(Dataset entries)
┌────────

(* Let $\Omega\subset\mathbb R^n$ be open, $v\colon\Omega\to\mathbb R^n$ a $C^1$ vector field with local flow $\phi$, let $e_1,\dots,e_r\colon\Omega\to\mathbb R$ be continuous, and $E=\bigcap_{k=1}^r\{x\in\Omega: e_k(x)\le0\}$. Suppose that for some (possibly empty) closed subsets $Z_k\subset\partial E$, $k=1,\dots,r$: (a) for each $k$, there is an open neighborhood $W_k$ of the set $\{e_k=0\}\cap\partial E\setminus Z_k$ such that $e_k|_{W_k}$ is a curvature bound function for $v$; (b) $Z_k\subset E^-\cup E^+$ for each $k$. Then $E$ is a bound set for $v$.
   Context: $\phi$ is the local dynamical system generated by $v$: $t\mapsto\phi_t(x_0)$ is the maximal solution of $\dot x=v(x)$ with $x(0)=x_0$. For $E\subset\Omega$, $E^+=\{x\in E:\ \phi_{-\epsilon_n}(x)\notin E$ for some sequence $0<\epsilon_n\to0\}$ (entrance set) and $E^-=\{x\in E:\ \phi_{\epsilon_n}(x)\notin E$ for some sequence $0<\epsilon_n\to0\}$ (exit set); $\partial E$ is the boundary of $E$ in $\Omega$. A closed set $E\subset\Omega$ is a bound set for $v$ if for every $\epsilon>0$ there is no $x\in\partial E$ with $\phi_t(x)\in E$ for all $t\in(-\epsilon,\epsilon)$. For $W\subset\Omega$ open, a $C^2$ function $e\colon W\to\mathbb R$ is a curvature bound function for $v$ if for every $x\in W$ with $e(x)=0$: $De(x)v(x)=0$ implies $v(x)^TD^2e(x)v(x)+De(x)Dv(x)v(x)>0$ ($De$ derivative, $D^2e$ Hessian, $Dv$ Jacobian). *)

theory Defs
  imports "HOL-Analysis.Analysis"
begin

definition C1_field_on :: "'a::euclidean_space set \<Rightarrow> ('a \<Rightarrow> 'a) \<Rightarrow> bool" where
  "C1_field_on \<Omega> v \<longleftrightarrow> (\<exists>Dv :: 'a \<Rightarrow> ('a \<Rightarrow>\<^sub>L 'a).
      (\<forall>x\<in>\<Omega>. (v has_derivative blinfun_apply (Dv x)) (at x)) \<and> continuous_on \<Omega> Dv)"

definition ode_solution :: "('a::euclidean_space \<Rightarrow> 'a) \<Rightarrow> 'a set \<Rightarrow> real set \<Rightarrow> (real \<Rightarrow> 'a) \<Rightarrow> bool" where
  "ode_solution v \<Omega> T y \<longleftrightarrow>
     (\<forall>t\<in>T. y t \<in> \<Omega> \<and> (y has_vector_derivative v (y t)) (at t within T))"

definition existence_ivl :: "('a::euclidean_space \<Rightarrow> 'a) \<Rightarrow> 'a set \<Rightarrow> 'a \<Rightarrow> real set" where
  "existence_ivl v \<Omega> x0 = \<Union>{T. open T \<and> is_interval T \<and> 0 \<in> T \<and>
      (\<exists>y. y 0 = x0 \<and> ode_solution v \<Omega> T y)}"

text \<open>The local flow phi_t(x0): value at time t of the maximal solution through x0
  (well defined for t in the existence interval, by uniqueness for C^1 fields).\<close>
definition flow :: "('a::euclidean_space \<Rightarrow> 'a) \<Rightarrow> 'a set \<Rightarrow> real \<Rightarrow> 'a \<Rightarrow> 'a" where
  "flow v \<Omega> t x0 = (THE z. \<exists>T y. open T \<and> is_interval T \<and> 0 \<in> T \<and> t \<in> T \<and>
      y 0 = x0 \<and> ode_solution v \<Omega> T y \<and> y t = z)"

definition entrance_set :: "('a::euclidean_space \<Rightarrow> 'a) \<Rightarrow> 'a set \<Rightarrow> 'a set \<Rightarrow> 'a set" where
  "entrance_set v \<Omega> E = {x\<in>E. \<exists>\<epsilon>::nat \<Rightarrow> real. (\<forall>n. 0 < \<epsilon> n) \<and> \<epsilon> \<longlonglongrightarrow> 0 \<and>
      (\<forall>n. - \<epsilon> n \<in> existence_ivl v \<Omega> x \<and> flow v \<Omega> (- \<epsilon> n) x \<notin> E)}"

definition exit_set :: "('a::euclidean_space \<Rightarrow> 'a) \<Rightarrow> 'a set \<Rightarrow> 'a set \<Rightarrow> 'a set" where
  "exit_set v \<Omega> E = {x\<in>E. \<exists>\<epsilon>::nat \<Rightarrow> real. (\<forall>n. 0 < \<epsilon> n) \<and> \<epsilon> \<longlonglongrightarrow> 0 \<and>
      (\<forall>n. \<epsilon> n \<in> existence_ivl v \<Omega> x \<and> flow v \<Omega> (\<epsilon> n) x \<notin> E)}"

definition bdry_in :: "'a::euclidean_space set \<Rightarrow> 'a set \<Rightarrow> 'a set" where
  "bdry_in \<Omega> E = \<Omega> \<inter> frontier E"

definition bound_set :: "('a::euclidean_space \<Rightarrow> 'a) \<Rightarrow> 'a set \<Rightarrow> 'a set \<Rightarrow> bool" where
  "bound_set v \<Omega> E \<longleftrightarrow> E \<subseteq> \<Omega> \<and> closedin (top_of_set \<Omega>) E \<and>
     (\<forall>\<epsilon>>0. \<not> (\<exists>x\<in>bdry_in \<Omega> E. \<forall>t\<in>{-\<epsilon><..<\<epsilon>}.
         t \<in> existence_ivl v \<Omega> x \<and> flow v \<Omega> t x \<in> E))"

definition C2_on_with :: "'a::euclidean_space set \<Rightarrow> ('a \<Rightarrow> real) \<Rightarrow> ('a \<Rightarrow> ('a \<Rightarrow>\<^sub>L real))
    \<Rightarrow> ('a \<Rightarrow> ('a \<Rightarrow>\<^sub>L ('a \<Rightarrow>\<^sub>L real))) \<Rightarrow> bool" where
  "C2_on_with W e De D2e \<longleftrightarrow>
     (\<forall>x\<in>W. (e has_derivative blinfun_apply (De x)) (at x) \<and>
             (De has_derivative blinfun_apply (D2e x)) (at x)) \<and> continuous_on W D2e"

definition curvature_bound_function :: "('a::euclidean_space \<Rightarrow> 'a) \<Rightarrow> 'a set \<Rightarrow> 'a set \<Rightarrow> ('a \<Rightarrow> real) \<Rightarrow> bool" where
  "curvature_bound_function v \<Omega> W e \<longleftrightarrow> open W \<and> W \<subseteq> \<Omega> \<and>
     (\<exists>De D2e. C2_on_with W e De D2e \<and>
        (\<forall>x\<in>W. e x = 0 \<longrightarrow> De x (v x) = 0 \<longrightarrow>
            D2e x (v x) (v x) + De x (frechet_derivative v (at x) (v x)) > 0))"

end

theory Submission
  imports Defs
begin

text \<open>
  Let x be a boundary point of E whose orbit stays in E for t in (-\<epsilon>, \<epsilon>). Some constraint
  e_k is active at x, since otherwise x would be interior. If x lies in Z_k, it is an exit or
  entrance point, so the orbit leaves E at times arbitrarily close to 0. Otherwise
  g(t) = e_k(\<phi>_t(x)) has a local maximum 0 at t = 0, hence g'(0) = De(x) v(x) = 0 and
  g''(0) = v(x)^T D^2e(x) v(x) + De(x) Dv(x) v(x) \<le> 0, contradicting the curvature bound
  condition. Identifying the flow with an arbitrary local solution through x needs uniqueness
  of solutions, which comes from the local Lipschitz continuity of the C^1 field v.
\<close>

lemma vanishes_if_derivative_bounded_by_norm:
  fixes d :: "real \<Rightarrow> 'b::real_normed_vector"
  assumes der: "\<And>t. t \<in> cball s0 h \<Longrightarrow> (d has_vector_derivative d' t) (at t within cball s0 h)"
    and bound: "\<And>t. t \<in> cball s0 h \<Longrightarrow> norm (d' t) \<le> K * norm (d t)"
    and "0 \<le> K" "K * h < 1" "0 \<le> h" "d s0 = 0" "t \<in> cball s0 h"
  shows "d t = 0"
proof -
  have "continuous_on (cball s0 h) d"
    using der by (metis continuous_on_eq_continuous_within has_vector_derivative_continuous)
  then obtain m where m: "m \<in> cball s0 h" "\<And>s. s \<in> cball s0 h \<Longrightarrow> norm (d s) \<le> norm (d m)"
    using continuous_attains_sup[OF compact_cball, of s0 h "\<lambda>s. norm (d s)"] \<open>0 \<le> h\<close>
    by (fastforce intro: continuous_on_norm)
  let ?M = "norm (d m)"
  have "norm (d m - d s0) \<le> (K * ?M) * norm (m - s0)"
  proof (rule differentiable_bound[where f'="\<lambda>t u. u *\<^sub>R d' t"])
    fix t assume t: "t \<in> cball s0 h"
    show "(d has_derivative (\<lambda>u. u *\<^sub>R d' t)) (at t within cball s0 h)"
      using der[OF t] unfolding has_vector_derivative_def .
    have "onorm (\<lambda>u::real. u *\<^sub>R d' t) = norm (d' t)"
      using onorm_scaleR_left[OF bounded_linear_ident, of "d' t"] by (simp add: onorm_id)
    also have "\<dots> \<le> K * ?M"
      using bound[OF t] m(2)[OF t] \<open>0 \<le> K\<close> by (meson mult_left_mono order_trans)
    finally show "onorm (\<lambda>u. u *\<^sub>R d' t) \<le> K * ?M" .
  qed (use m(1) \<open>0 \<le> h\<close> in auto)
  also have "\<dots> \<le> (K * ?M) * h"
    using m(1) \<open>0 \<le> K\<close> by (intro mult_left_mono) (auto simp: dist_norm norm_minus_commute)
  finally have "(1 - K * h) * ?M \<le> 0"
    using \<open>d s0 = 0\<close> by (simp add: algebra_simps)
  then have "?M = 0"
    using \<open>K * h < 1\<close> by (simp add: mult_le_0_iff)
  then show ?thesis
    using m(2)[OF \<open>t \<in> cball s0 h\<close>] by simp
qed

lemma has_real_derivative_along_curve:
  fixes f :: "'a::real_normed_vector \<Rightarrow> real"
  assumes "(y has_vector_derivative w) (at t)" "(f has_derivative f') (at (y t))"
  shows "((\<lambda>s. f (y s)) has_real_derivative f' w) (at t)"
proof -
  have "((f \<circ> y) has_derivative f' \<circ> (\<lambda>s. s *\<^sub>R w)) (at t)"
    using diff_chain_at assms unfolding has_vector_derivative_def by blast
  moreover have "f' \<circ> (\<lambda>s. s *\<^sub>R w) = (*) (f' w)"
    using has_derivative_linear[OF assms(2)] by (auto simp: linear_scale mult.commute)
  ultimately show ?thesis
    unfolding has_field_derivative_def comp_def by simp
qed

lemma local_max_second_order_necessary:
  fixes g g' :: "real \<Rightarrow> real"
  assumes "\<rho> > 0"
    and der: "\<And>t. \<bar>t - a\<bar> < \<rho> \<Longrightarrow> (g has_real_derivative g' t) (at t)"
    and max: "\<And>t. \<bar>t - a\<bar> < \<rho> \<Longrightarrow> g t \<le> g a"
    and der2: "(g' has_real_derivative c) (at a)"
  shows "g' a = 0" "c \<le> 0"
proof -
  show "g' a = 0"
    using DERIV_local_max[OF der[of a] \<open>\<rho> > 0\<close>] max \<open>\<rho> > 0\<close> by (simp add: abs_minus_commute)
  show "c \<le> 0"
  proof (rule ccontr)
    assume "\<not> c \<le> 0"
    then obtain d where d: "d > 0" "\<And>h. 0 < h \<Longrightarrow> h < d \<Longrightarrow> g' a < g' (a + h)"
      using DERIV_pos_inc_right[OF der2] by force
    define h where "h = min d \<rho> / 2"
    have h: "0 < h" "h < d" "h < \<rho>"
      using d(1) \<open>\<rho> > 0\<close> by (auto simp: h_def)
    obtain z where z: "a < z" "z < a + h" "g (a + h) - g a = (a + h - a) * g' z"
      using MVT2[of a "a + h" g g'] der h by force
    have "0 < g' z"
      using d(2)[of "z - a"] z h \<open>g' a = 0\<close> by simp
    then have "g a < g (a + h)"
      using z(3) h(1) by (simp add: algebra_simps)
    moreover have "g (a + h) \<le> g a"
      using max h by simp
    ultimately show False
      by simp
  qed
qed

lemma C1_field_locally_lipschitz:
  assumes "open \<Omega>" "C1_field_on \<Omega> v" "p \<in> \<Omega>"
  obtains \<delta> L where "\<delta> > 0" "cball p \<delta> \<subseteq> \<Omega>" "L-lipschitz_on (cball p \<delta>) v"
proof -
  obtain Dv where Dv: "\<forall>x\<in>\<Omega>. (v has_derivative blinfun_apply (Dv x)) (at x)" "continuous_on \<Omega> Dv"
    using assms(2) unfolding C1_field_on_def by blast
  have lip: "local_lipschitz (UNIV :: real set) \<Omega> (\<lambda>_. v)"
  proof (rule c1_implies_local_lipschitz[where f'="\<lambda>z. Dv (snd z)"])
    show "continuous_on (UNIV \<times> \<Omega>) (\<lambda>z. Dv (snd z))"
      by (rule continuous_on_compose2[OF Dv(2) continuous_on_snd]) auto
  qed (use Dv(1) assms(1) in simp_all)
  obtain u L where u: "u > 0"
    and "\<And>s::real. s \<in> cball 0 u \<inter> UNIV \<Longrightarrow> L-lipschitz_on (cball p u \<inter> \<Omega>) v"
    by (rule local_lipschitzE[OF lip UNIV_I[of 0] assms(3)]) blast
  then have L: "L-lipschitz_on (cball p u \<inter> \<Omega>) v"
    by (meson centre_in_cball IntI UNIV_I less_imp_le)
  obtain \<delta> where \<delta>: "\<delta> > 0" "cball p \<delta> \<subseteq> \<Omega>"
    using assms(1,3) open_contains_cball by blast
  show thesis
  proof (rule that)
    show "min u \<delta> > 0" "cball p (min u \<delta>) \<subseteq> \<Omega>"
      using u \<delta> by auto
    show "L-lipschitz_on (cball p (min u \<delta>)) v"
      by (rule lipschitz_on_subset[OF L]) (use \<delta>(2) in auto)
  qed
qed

└────────

Description of the task - The required answer is the exact run of lines above starting at the line with "using der by" and ending at the line with "using bound[OF t]", with both ends present.

Your solution -
    using der by (metis continuous_on_eq_continuous_within has_vector_derivative_continuous)
  then obtain m where m: "m \<in> cball s0 h" "\<And>s. s \<in> cball s0 h \<Longrightarrow> norm (d s) \<le> norm (d m)"
    using continuous_attains_sup[OF compact_cball, of s0 h "\<lambda>s. norm (d s)"] \<open>0 \<le> h\<close>
    by (fastforce intro: continuous_on_norm)
  let ?M = "norm (d m)"
  have "norm (d m - d s0) \<le> (K * ?M) * norm (m - s0)"
  proof (rule differentiable_bound[where f'="\<lambda>t u. u *\<^sub>R d' t"])
    fix t assume t: "t \<in> cball s0 h"
    show "(d has_derivative (\<lambda>u. u *\<^sub>R d' t)) (at t within cball s0 h)"
      using der[OF t] unfolding has_vector_derivative_def .
    have "onorm (\<lambda>u::real. u *\<^sub>R d' t) = norm (d' t)"
      using onorm_scaleR_left[OF bounded_linear_ident, of "d' t"] by (simp add: onorm_id)
    also have "\<dots> \<le> K * ?M"
      using bound[OF t] m(2)[OF t] \<open>0 \<le> K\<close> by (meson mult_left_mono order_trans)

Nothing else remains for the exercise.